**PROBLEM DESCRIPTION:**
Look through the records below for the line with "cov] by simp_all". Return that line and each one after it up to and including the line with "with z'(1) have", exactly.

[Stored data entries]
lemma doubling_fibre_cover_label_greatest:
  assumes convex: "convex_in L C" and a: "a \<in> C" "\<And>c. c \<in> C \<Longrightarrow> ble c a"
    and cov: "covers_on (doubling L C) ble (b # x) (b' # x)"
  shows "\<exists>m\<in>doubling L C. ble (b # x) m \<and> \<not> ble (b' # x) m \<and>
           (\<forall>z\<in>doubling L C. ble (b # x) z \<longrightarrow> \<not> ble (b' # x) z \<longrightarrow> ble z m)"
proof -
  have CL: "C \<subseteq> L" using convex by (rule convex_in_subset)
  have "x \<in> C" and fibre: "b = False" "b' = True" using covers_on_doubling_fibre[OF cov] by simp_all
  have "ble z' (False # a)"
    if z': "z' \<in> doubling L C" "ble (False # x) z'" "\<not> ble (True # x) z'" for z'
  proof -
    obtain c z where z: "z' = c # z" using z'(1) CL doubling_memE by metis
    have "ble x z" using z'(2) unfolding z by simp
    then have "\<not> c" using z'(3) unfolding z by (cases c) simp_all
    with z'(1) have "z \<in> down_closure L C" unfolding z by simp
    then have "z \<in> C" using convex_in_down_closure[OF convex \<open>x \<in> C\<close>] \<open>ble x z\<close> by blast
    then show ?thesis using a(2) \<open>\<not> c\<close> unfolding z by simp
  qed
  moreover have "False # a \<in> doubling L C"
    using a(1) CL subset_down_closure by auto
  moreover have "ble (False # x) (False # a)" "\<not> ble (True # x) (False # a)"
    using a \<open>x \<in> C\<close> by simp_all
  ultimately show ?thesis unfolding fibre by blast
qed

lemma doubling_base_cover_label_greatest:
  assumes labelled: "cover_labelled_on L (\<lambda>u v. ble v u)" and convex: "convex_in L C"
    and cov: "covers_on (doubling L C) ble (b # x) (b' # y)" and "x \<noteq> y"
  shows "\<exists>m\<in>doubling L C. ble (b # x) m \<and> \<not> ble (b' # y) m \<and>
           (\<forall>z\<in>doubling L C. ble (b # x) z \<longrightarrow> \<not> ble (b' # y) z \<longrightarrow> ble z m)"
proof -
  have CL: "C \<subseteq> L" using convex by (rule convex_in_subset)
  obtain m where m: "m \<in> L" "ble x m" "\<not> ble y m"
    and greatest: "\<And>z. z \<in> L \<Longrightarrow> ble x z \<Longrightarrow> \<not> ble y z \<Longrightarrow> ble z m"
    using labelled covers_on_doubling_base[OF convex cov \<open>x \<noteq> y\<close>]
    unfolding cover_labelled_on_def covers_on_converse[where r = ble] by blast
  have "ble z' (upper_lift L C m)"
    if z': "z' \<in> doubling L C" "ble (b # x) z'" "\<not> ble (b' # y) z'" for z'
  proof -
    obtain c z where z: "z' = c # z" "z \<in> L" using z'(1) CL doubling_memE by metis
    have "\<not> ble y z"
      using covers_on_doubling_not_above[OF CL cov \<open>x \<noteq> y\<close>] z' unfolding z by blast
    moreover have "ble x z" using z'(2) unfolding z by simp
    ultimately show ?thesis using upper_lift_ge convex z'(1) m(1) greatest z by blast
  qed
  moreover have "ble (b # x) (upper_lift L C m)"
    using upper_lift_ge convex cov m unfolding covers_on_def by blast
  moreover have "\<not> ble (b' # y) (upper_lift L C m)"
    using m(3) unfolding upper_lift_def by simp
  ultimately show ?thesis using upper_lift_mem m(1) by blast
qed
* * *
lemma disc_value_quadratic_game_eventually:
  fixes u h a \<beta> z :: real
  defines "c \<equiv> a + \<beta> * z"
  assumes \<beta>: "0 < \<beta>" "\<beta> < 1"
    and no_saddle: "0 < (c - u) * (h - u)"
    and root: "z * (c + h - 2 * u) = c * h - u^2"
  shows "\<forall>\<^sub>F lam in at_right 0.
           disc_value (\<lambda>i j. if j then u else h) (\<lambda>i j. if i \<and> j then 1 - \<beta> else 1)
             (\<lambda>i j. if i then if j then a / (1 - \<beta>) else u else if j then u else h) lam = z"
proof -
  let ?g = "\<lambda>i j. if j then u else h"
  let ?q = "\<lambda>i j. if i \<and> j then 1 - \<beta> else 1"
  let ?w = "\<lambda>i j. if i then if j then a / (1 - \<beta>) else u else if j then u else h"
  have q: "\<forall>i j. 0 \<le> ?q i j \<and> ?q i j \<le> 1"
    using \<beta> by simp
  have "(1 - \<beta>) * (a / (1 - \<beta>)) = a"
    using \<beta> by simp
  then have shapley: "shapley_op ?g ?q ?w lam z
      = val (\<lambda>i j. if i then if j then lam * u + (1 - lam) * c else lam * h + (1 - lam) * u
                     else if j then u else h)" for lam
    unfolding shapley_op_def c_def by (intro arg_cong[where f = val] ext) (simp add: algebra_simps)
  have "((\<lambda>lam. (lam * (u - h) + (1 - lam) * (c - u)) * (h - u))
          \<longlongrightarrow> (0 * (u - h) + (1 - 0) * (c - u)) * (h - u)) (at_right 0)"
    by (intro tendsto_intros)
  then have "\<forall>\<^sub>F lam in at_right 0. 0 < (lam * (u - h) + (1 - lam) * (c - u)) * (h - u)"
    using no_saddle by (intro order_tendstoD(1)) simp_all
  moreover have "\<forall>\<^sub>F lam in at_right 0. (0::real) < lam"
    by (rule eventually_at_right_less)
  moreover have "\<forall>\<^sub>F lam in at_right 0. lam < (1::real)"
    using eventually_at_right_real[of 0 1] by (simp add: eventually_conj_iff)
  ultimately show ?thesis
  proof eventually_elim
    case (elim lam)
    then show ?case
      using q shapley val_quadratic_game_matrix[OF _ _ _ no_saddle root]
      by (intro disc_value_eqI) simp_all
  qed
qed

**PROBLEM SOLUTION:**
  have "x \<in> C" and fibre: "b = False" "b' = True" using covers_on_doubling_fibre[OF cov] by simp_all
  have "ble z' (False # a)"
    if z': "z' \<in> doubling L C" "ble (False # x) z'" "\<not> ble (True # x) z'" for z'
  proof -
    obtain c z where z: "z' = c # z" using z'(1) CL doubling_memE by metis
    have "ble x z" using z'(2) unfolding z by simp
    then have "\<not> c" using z'(3) unfolding z by (cases c) simp_all
    with z'(1) have "z \<in> down_closure L C" unfolding z by simp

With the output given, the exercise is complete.